You Are Irrational, But You Act Rationally
We recently read on the Psy-Fi Blog an interesting academic study about a group of “irrational” participants forming what appears to be a rational market. Specifically, researchers John List and Daniel Millimet studied groups of children at suburban malls which were hosting sports card shows.
One sign of being irrational is when a person does not have what geeky economists call “well-ordered preferences”. Children often lack well-ordered preferences, and it is why we don’t allow them to sign contracts, or vote. It sounds eggheaded, but it is a simple concept to understand. If someone likes A better than B, and they like B more than they like C, then, logically, they should like A more than C. Sometimes it doesn’t work out that way, and people express their preferences something like this:
A > B > C > A
So the researchers bribed kids with juice boxes and bags of chips to participate in the nearby trade show, measuring their ability to form well-ordered preferences as well as their interactions at the show. The money quote from their paper is “Our findings suggest that even in markets populated entirely by irrational actors, several fundamental features of markets, such as price and quantity realizations, meet neoclassical predictions after a few rounds of market experience.”

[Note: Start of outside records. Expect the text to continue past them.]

lemma dualfl_inexact_regul:
  fixes f :: "nat \<Rightarrow> 'a::euclidean_space \<Rightarrow> real"
  assumes "N \<ge> 1" "\<alpha> > 0" "\<gamma> > 0"
    and "\<forall>j\<in>{1..N}. continuous_on UNIV (f j)" "\<forall>j\<in>{1..N}. th 0 j = 0"
    and "\<forall>n. \<forall>j\<in>{1..N}. dualfl_gap (regul \<alpha> (f j)) \<alpha> (dualfl_zeta 0 N th j n) (th (Suc n) j)
          \<le> ereal (1 / (real N * \<alpha> * (real n + 1) powr (4 + \<gamma>)))"
  shows "dualfl_inexact N (\<lambda>j. regul \<alpha> (f j)) \<alpha> th (\<lambda>n. 1 / (real N * \<alpha> * (real n + 1) powr (4 + \<gamma>)))"
proof
  show "continuous_on UNIV (regul \<alpha> (f j))" if "j \<in> {1..N}" for j
    unfolding regul_def[abs_def] using assms(4) that by (intro continuous_intros) auto
  have "summable (\<lambda>n. (real n + 1)\<^sup>2 / (real N * \<alpha> * (real n + 1) powr (4 + \<gamma>)))"
    using assms(3) by (intro summable_sq_div_powr) simp
  then show "summable (\<lambda>n. (real n + 1)\<^sup>2 * (1 / (real N * \<alpha> * (real n + 1) powr (4 + \<gamma>))))"
    by (simp only: times_divide_eq_right mult_1_right)
qed (use assms in simp_all)

lemma dualfl_regul_eventually_le:
  fixes f :: "nat \<Rightarrow> 'a::euclidean_space \<Rightarrow> real"
  assumes "N \<ge> 1" "\<alpha> > 0" "\<gamma> > 0" "\<eta> > 0"
    and "\<forall>j\<in>{1..N}. continuous_on UNIV (f j)" "\<forall>j\<in>{1..N}. th 0 j = 0"
    and "\<forall>n. \<forall>j\<in>{1..N}. dualfl_gap (regul \<alpha> (f j)) \<alpha> (dualfl_zeta 0 N th j n) (th (Suc n) j)
          \<le> ereal (1 / (real N * \<alpha> * (real n + 1) powr (4 + \<gamma>)))"
  shows "\<forall>\<^sub>F n in sequentially.
    avg_obj N f (dualfl_avg N th n) \<le> avg_obj N f u + \<alpha> / 2 * (norm u)\<^sup>2 + \<eta>"
proof -
  interpret dualfl_inexact N "\<lambda>j. regul \<alpha> (f j)" \<alpha> th
      "\<lambda>n. 1 / (real N * \<alpha> * (real n + 1) powr (4 + \<gamma>))"
    using assms by (intro dualfl_inexact_regul) auto
  show ?thesis
    using eventually_avg_obj_le[OF \<open>\<eta> > 0\<close>, of u]
  proof (rule eventually_mono)
    fix n
    assume "avg_obj N (\<lambda>j. regul \<alpha> (f j)) (avg n) \<le> avg_obj N (\<lambda>j. regul \<alpha> (f j)) u + \<eta>"
    moreover have "0 \<le> \<alpha> / 2 * (norm (avg n))\<^sup>2" using \<open>\<alpha> > 0\<close> by simp
    ultimately show "avg_obj N f (avg n) \<le> avg_obj N f u + \<alpha> / 2 * (norm u)\<^sup>2 + \<eta>"
      unfolding avg_obj_regul[OF \<open>N \<ge> 1\<close>] by linarith
  qed
qed

theorem theorem4p1:
  fixes f :: "nat \<Rightarrow> 'a::euclidean_space \<Rightarrow> real"
    and N :: nat
    and \<theta>s :: 'a
    and \<gamma> :: real
    and th :: "real \<Rightarrow> nat \<Rightarrow> nat \<Rightarrow> 'a"
  assumes N_pos: "N \<ge> 1"
    and convex: "\<forall>j\<in>{1..N}. convex_on UNIV (f j)"
    and cont: "\<forall>j\<in>{1..N}. continuous_on UNIV (f j)"
    and coercive: "filterlim (avg_obj N f) at_top at_infinity"
    and minimizer: "\<forall>\<theta>. avg_obj N f \<theta>s \<le> avg_obj N f \<theta>"
    and gamma_pos: "\<gamma> > 0"
    and init: "\<forall>\<alpha>>0. \<forall>j\<in>{1..N}. th \<alpha> 0 j = 0"
    and inexact: "\<forall>\<alpha>>0. \<forall>n. \<forall>j\<in>{1..N}.
        dualfl_gap (regul \<alpha> (f j)) \<alpha> (dualfl_zeta 0 N (th \<alpha>) j n) (th \<alpha> (Suc n) j)
          \<le> ereal (1 / (real N * \<alpha> * (real n + 1) powr (4 + \<gamma>)))"
  shows "\<forall>\<epsilon>>0. \<exists>\<alpha>0>0. \<forall>\<alpha>\<in>{0<..<\<alpha>0}. \<exists>n0. \<forall>n\<ge>n0.
           \<bar>avg_obj N f (dualfl_avg N (th \<alpha>) n) - avg_obj N f \<theta>s\<bar> < \<epsilon>"
proof (intro allI impI)
  fix \<epsilon> :: real
  assume "\<epsilon> > 0"
  define \<alpha>0 where "\<alpha>0 = \<epsilon> / ((norm \<theta>s)\<^sup>2 + 1)"
  have "\<exists>n0. \<forall>n\<ge>n0. \<bar>avg_obj N f (dualfl_avg N (th \<alpha>) n) - avg_obj N f \<theta>s\<bar> < \<epsilon>"
    if "\<alpha> \<in> {0<..<\<alpha>0}" for \<alpha>
  proof -
    have "\<alpha> * ((norm \<theta>s)\<^sup>2 + 1) < \<epsilon>"
      using that by (simp add: \<alpha>0_def pos_less_divide_eq add_nonneg_pos)
    then have small: "\<alpha> / 2 * (norm \<theta>s)\<^sup>2 < \<epsilon> / 2" using that by (simp add: algebra_simps)
    have "\<forall>\<^sub>F n in sequentially.
        avg_obj N f (dualfl_avg N (th \<alpha>) n) \<le> avg_obj N f \<theta>s + \<alpha> / 2 * (norm \<theta>s)\<^sup>2 + \<epsilon> / 2"
      using that \<open>\<epsilon> > 0\<close> N_pos gamma_pos cont init inexact
      by (intro dualfl_regul_eventually_le[where \<gamma> = \<gamma>]) auto
    then obtain n0 where "\<And>n. n \<ge> n0 \<Longrightarrow>
        avg_obj N f (dualfl_avg N (th \<alpha>) n) \<le> avg_obj N f \<theta>s + \<alpha> / 2 * (norm \<theta>s)\<^sup>2 + \<epsilon> / 2"
      unfolding eventually_sequentially by blast
    with small minimizer show ?thesis by (intro exI[of _ n0]) (force simp: abs_less_iff)
  qed
  moreover have "\<alpha>0 > 0"
    unfolding \<alpha>0_def by (intro divide_pos_pos \<open>\<epsilon> > 0\<close> add_nonneg_pos) auto
  ultimately show "\<exists>\<alpha>0>0. \<forall>\<alpha>\<in>{0<..<\<alpha>0}. \<exists>n0. \<forall>n\<ge>n0.
      \<bar>avg_obj N f (dualfl_avg N (th \<alpha>) n) - avg_obj N f \<theta>s\<bar> < \<epsilon>"
    by blast
qed
end
(* Suppose Assumptions (A1) and (A2) below hold, and let $\{\boldsymbol{x}_{i,t}\}$ be the decision sequence generated by Algorithm DOMFW (described in the context) with parameters $0<\alpha_t\le 1$ and a nondecreasing integer sequence $\{K_t\}$. Then for any $T\ge 2$ and $K_t\ge 2$ (for all $t$), $$\sum_{t=1}^T\sum_{i=1}^n \|\boldsymbol{x}_{i,t}-\boldsymbol{x}_{avg,t}\| \le \frac{n\Gamma_1}{1-\sigma_1^{K_1}}\sum_{i=1}^n\|\boldsymbol{x}_{i,1}\| + \sum_{i=1}^n\|\boldsymbol{x}_{i,1}-\boldsymbol{x}_{avg,1}\| + \left(\frac{n^2M\Gamma_1}{\sigma_1(1-\sigma_1)(1-\sigma_1^{K_1})}+2nM\right)\sum_{t=1}^T\alpha_t .$$
   Context: Network: $n$ agents, $\mathcal{V}=\{1,\dots,n\}$, time-varying directed graphs $\mathcal{G}_t=(\mathcal{V},\mathcal{E}_t,A_t)$ with weight matrices $A_t\in\mathbb{R}^{n\times n}$; $\mathcal{N}_i^{in}(t)=\{j:(j,i)\in\mathcal{E}_t\}\cup\{i\}$, and $[A_t]_{ij}>0$ if $j\in\mathcal{N}_i^{in}(t)$, $[A_t]_{ij}=0$ otherwise. Assumption (A1): (a) there is $\zeta>0$ with $[A_t]_{ij}>\zeta$ whenever $[A_t]_{ij}>0$; (b) $\mathcal{G}_t$ is strongly connected for all $t$; (c) each $A_t$ is doubly stochastic. Assumption (A2): $\boldsymbol{X}\subset\mathbb{R}^d$ is convex compact with $\|\boldsymbol{x}-\boldsymbol{z}\|\le M$ for all $\boldsymbol{x},\boldsymbol{z}\in\boldsymbol{X}$. Each agent $i$ has at round $t$ a convex differentiable loss $f_{i,t}$ on $\boldsymbol{X}$. Algorithm DOMFW: initial points $\boldsymbol{x}_{i,1}\in\boldsymbol{X}$. For $t=1,\dots,T$: set $\boldsymbol{x}_{i,t}^1=\boldsymbol{x}_{i,t}$; for $k=1,\dots,K_t$, each agent $i$ computes $\hat{\boldsymbol{x}}_{i,t}^k=\sum_{j}[A_t]_{ij}\boldsymbol{x}_{j,t}^k$; $\overline{\nabla}f_{i,t}^1=\nabla f_{i,t}(\hat{\boldsymbol{x}}_{i,t}^1)$ and for $k\ge2$, $\overline{\nabla}f_{i,t}^k=\widehat{\nabla}f_{i,t}^{k-1}+\nabla f_{i,t}(\hat{\boldsymbol{x}}_{i,t}^k)-\nabla f_{i,t}(\hat{\boldsymbol{x}}_{i,t}^{k-1})$; $\widehat{\nabla}f_{i,t}^k=\sum_j[A_t]_{ij}\overline{\nabla}f_{j,t}^k$; $\boldsymbol{v}_{i,t}^k\in\arg\min_{\boldsymbol{x}\in\boldsymbol{X}}\langle\boldsymbol{x},\widehat{\nabla}f_{i,t}^k\rangle$; $\boldsymbol{x}_{i,t}^{k+1}=\hat{\boldsymbol{x}}_{i,t}^k+\alpha_t(\boldsymbol{v}_{i,t}^k-\hat{\boldsymbol{x}}_{i,t}^k)$. Then $\boldsymbol{x}_{i,t+1}=\boldsymbol{x}_{i,t}^{K_t+1}$. Notation: $\boldsymbol{x}_{avg,t}=\frac1n\sum_i\boldsymbol{x}_{i,t}$; $\sigma_1=1-\frac{\zeta}{4n^2}$, $\Gamma_1=\left(1-\frac{\zeta}{4n^2}\right)^{-1}$. *)

theory Defs
  imports "HOL-Analysis.Analysis"
begin
(* There is no $(v,[k_1,k_2,1],\lambda)$ Hadamard partitioned difference family, for any integers $v,k_1,k_2,\lambda$.
   Context: $G$ is a finite group of order $v$ written additively, with difference $x-y:=x+(-y)$. For $B\subseteq G$, $\Delta B$ is the multiset $\{x-y: x,y\in B, x\neq y\}$; for $\mathcal{F}=\{B_1,\dots,B_t\}$, $\Delta\mathcal{F}$ is the multiset union of the $\Delta B_i$. A $(v,[k_1,\dots,k_t],\lambda)$ partitioned difference family (PDF) is a collection $\{B_1,\dots,B_t\}$ of subsets partitioning some group $G$ of order $v$ with $|B_i|=k_i$ such that $\Delta\mathcal{F}$ contains every non-zero element of $G$ exactly $\lambda$ times. It is Hadamard (HPDF) if $v=2\lambda$. *)

theory Defs
  imports "HOL-Library.Multiset" "HOL-Library.Disjoint_Sets"
begin

text \<open>The group G is the (finite) carrier type 'a, written additively
  (not necessarily abelian); x - y = x + (- y) holds in group_add.\<close>

definition diff_mset :: "'a::group_add set \<Rightarrow> 'a multiset" where
  "diff_mset B = image_mset (\<lambda>(x, y). x - y) (mset_set {(x, y). x \<in> B \<and> y \<in> B \<and> x \<noteq> y})"

definition diff_family :: "'a::group_add set list \<Rightarrow> 'a multiset" where
  "diff_family F = (\<Sum>B\<leftarrow>F. diff_mset B)"

definition is_PDF :: "nat \<Rightarrow> nat list \<Rightarrow> nat \<Rightarrow> ('a::{group_add,finite}) set list \<Rightarrow> bool" where
  "is_PDF v ks lam F \<longleftrightarrow>
     card (UNIV :: 'a set) = v \<and>
     length F = length ks \<and>
     distinct F \<and> partition_on (UNIV :: 'a set) (set F) \<and>
     (\<forall>i < length F. card (F ! i) = ks ! i) \<and>
     (\<forall>g :: 'a. g \<noteq> 0 \<longrightarrow> count (diff_family F) g = lam)"

definition is_HPDF :: "nat \<Rightarrow> nat list \<Rightarrow> nat \<Rightarrow> ('a::{group_add,finite}) set list \<Rightarrow> bool" where
  "is_HPDF v ks lam F \<longleftrightarrow> is_PDF v ks lam F \<and> v = 2 * lam"

end

theory Submission
  imports Defs "Jordan_Normal_Form.Schur_Decomposition"
begin

(* Let the blocks be B, C and {a}, and write N_X(g) = autocorr X g, which for g <> 0 is the
   number of times g occurs in Delta X. Since C is the complement of B + {a}, N_C is
   determined by N_B, and for g <> 0 the condition N_B(g) + N_C(g) = lam becomes
     2 N_B(g) + [g + a : B] + [-g + a : B] = 2 k1 + 2 - lam.
   As v = 2 lam is even, a parity count forces lam to be even and D = B - a to be symmetric,
   so N_D(g) = c - [g : D] with c = k1 + 1 - lam/2; counting pairs gives k1^2 = c (v - 1).
   The matrix M = 2A + I, with A(x, y) = [-x + y : D], then satisfies
   M^2 = 4c J + (4(k1 - c) + 1) I and has row sums 2 k1 + 1. Comparing traces of M and M^2,
   2 k1 + 1 is a simple eigenvalue and all others are +-sqrt(4(k1 - c) + 1), so
   v - 2 k1 - 1 = m sqrt(4(k1 - c) + 1) for an integer m. Writing v = 4u, these Diophantine
   conditions have no solution with k1, k2 >= 1. *)

definition autocorr :: "'a::group_add set \<Rightarrow> 'a \<Rightarrow> int" where
  "autocorr B g = (\<Sum>y\<in>UNIV. of_bool (g + y \<in> B) * of_bool (y \<in> B))"

lemma add_eq_self_iff: "g + y = y \<longleftrightarrow> g = (0 :: 'a::group_add)"
  by (metis add.left_neutral add_right_cancel)

context
  fixes B :: "'a::{group_add,finite} set"
begin

lemma sum_of_bool_add_left_mem: "(\<Sum>y\<in>UNIV. of_bool (g + y \<in> B)) = int (card B)"
  using sum.reindex_bij_betw[OF bij_plus, of "\<lambda>x. of_bool (x \<in> B) :: int" g] by simp

lemma sum_of_bool_add_right_mem: "(\<Sum>y\<in>UNIV. of_bool (y + g \<in> B)) = int (card B)"
  using sum.reindex_bij_betw[OF bij_plus_right, of "\<lambda>x. of_bool (x \<in> B) :: int" g] by simp

lemma autocorr_eq_card: "autocorr B g = int (card {y. g + y \<in> B \<and> y \<in> B})"
  by (simp add: autocorr_def of_bool_conj[symmetric])

lemma count_diff_mset_eq_autocorr:
  assumes "g \<noteq> 0"
  shows "int (count (diff_mset B) g) = autocorr B g"
proof -
  let ?pairs = "{(x, y). x \<in> B \<and> y \<in> B \<and> x \<noteq> y}"
  have "count (diff_mset B) g = card {p \<in> ?pairs. g = fst p - snd p}"
    by (simp add: diff_mset_def count_image_mset' split_def)
  also have "{p \<in> ?pairs. g = fst p - snd p} = (\<lambda>y. (g + y, y)) ` {y. g + y \<in> B \<and> y \<in> B}"
  proof (intro Set.set_eqI iffI)
    fix p
    assume "p \<in> {p \<in> ?pairs. g = fst p - snd p}"
    then obtain x y where "p = (x, y)" "x \<in> B" "y \<in> B" "x = g + y"
      by (auto simp: eq_diff_eq)
    then show "p \<in> (\<lambda>y. (g + y, y)) ` {y. g + y \<in> B \<and> y \<in> B}"
      by auto
  next
    fix p
    assume "p \<in> (\<lambda>y. (g + y, y)) ` {y. g + y \<in> B \<and> y \<in> B}"
    then obtain y where "p = (g + y, y)" "g + y \<in> B" "y \<in> B"
      by auto
    then show "p \<in> {p \<in> ?pairs. g = fst p - snd p}"
      using assms by (simp add: add_eq_self_iff)
  qed
  also have "card \<dots> = card {y. g + y \<in> B \<and> y \<in> B}"
    by (rule card_image) (auto simp: inj_on_def)
  finally show ?thesis by (simp add: autocorr_eq_card)
qed

lemma autocorr_zero: "autocorr B 0 = int (card B)"
  by (simp add: autocorr_eq_card)

lemma sum_autocorr: "(\<Sum>g\<in>UNIV. autocorr B g) = int (card B) ^ 2"
proof -
  have "(\<Sum>g\<in>UNIV. autocorr B g)
      = (\<Sum>y\<in>UNIV. (\<Sum>g\<in>UNIV. of_bool (g + y \<in> B)) * of_bool (y \<in> B))"
    unfolding autocorr_def by (subst sum.swap) (simp only: sum_distrib_right)
  also have "\<dots> = (\<Sum>y\<in>UNIV. int (card B) * of_bool (y \<in> B))"
    by (simp only: sum_of_bool_add_right_mem)
  finally show ?thesis
    by (simp add: power2_eq_square)
qed

lemma autocorr_Compl: "autocorr (- B) g = int (card (UNIV :: 'a set)) - 2 * int (card B) + autocorr B g"
proof -
  have "autocorr (- B) g = (\<Sum>y\<in>UNIV. 1 - of_bool (g + y \<in> B) - of_bool (y \<in> B)
      + of_bool (g + y \<in> B) * of_bool (y \<in> B))"
    unfolding autocorr_def by (intro sum.cong) auto
  then show ?thesis
    by (simp add: sum.distrib sum_subtractf sum_of_bool_add_left_mem autocorr_def
        del: sum_mult_of_bool_eq sum_of_bool_mult_eq)
qed
lemma has_bochner_integral_logistic_beta:
  fixes r y :: real
  assumes r: "r > 0"
  defines "p \<equiv> Complex r y"
  shows "has_bochner_integral lborel (\<lambda>v::real. exp (p * of_real v) * of_real ((1 + exp v) powr (- 2 * r)))
           (Gamma p * Gamma (2 * of_real r - p) / Gamma (2 * of_real r))"
proof -
  define F where "F = (\<lambda>u v::real. exp (p * of_real v) * of_real (exp (2 * r * u) * exp (- exp u) * exp (- exp (u + v))))"
  have Rep: "Re p = r" by (simp add: p_def)
  have Rep2: "Re (2 * of_real r - p) > 0" using r by (simp add: p_def)
  have G2: "Gamma (2 * complex_of_real r) = of_real (Gamma (2 * r))"
    by (metis Gamma_complex_of_real of_real_mult of_real_numeral)
  have G2_nz: "Gamma (2 * complex_of_real r) \<noteq> 0"
    using r by (intro Gamma_nonzero_Re_pos) simp
  have "has_bochner_integral lborel
      (\<lambda>v. of_real (Gamma (2 * r)) * (exp (p * of_real v) * of_real ((1 + exp v) powr (- 2 * r))))
      (Gamma p * Gamma (2 * of_real r - p))"
  proof (rule lborel_Fubini_has_bochner_integral_iff[where F = F, THEN iffD1])
    show "case_prod F \<in> borel_measurable (lborel \<Otimes>\<^sub>M lborel)"
      unfolding F_def by measurable
    show "has_bochner_integral lborel (F u) (Gamma p * (exp ((2 * of_real r - p) * of_real u) * of_real (exp (- exp u))))" for u
    proof -
      have "has_bochner_integral lborel
          (\<lambda>v. of_real (exp (2 * r * u) * exp (- exp u)) * (exp (p * of_real v) * of_real (exp (- exp (u + v)))))
          (of_real (exp (2 * r * u) * exp (- exp u)) * (Gamma p * exp (- p * of_real u)))"
        by (intro has_bochner_integral_mult_right has_bochner_integral_Gamma_exp_shift) (simp add: Rep r)
      moreover have "complex_of_real (exp (2 * r * u)) * exp (- p * of_real u) = exp ((2 * of_real r - p) * of_real u)"
        by (simp add: exp_of_real[symmetric] exp_add[symmetric] algebra_simps)
      ultimately show ?thesis
        by (elim has_bochner_integral_rewrite) (simp_all add: F_def mult_ac)
    qed
    show "has_bochner_integral lborel (\<lambda>v. norm (F u v)) (exp (2 * r * u) * exp (- exp u) * (Gamma r * exp (- r * u)))" for u
    proof -
      have "norm (F u v) = exp (2 * r * u) * exp (- exp u) * (exp (r * v) * exp (- exp (u + v)))" for v
        by (simp add: F_def norm_mult Rep)
      then show ?thesis
        by (simp only:) (intro has_bochner_integral_mult_right has_bochner_integral_Gamma_exp_shift_real r)
    qed
    have "has_bochner_integral lborel (\<lambda>u. Gamma r * (exp (r * u) * exp (- exp (0 + u)))) (Gamma r * (Gamma r * exp (- r * 0)))"
      by (intro has_bochner_integral_mult_right has_bochner_integral_Gamma_exp_shift_real r)
    then show "integrable lborel (\<lambda>u. exp (2 * r * u) * exp (- exp u) * (Gamma r * exp (- r * u)))"
      by (elim has_bochner_integral_rewrite[THEN integrable.intros]) (simp_all add: mult_exp_exp algebra_simps)
    show "has_bochner_integral lborel (\<lambda>u. F u v) (of_real (Gamma (2 * r)) * (exp (p * of_real v) * of_real ((1 + exp v) powr (- 2 * r))))" for v
    proof -
      define c where "c = ln (1 + exp v)"
      have c: "exp c = 1 + exp v" unfolding c_def by (simp add: add_pos_pos)
      have "has_bochner_integral lborel (\<lambda>u. exp (p * of_real v) * of_real (exp (2 * r * u) * exp (- exp (c + u))))
          (exp (p * of_real v) * of_real (Gamma (2 * r) * exp (- (2 * r) * c)))"
        by (intro has_bochner_integral_mult_right has_bochner_integral_of_real
            has_bochner_integral_Gamma_exp_shift_real) (simp add: r)
      moreover have "exp (- exp (c + u)) = exp (- exp u) * exp (- exp (u + v))" for u
      proof -
        have "exp (c + u) = exp u + exp (u + v)" by (simp add: exp_add c algebra_simps)
        then show ?thesis by (simp add: mult_exp_exp)
      qed
      moreover have "exp (- (2 * r) * c) = (1 + exp v) powr (- 2 * r)"
        by (simp add: powr_def c_def add_pos_pos)
      ultimately show ?thesis
        by (elim has_bochner_integral_rewrite) (simp_all add: F_def mult_ac)
    qed
    show "has_bochner_integral lborel (\<lambda>u. Gamma p * (exp ((2 * of_real r - p) * of_real u) * of_real (exp (- exp u))))
        (Gamma p * Gamma (2 * of_real r - p))"
      by (intro has_bochner_integral_mult_right has_bochner_integral_Gamma_exp Rep2)
  qed
  then have "has_bochner_integral lborel
      (\<lambda>v. of_real (Gamma (2 * r)) * (exp (p * of_real v) * of_real ((1 + exp v) powr (- 2 * r))) / of_real (Gamma (2 * r)))
      (Gamma p * Gamma (2 * of_real r - p) / of_real (Gamma (2 * r)))"
    by (rule has_bochner_integral_divide)
  then show ?thesis
    using G2_nz unfolding G2 by (elim has_bochner_integral_rewrite) simp_all
qed
lemma Esmooth_continuous:
  assumes "Esmooth m V n U F" "x \<in> V" "e > 0"
  shows "\<exists>d>0. \<forall>y\<in>V. edist m x y < d \<longrightarrow> edist n (F x) (F y) < e"
proof -
  have "\<forall>j<n. Econt m V (\<lambda>x. F x j)"
    using assms(1) unfolding Esmooth_def Esmooth_real_def by (metis Ck.simps(1))
  from Econt_sum_abs_diff[OF this assms(2,3)] obtain d where
    "d > 0" "\<forall>y\<in>V. edist m x y < d \<longrightarrow> (\<Sum>j<n. \<bar>F y j - F x j\<bar>) < e" by blast
  moreover have "edist n (F x) (F y) \<le> (\<Sum>j<n. \<bar>F y j - F x j\<bar>)" for y
    using edist_le_sum_abs[of n "F x" "F y"] by (simp add: abs_minus_commute)
  ultimately show ?thesis
    by (meson le_less_trans)
qed

definition continuous_plots :: "'x topology \<Rightarrow> 'x plot set" where
  "continuous_plots T = {(n, U, R). Eopen n U \<and> R ` U \<subseteq> topspace T \<and>
     (\<forall>S. openin T S \<longrightarrow> Eopen n {x \<in> U. R x \<in> S})}"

Anyway, this got us thinking about a dirty little secret we learned back when we were an economics student: a group of irrational people will, by necessity, act as if they are rational. Consider a world where the only foods available are hamburgers and pizza (what else do you really need?). Hamburgers cost $5, a slice of pizza is $2, and we will give each person $100 to spend. The range of possible purchases is represented by the red line on the graph on the left. Our irrational subjects, being irrational and all, spend their money in a completely random way. They could end up at any point along the red line regardless of their personal tastes for hamburgers or pizza. And if you take the average of a group of people behaving similarly, you end up at the midpoint of the red line. On average, the idiots would buy 10 hamburgers and 25 slices of pizza.
Now let’s change the prices a bit and see what happens. We will reduce the price of hamburgers to $4 and increase the price of pizza to $2.50. Economic theory, and even common sense, says that faced with these changes in prices, people will shift their purchases toward more hamburgers and less pizza. However, our group of crazy spenders will just go on buying hamburgers and pizza randomly. Again, they each land at some random point on the red line on the graph on the right and the average mix is the midpoint of the red line. Guess what? As a group, our unthinking random spenders bought more hamburgers and less pizza!
Go ahead and chew on that for a while. We are going to our local pizzeria to take advantage of their “happy hour” special.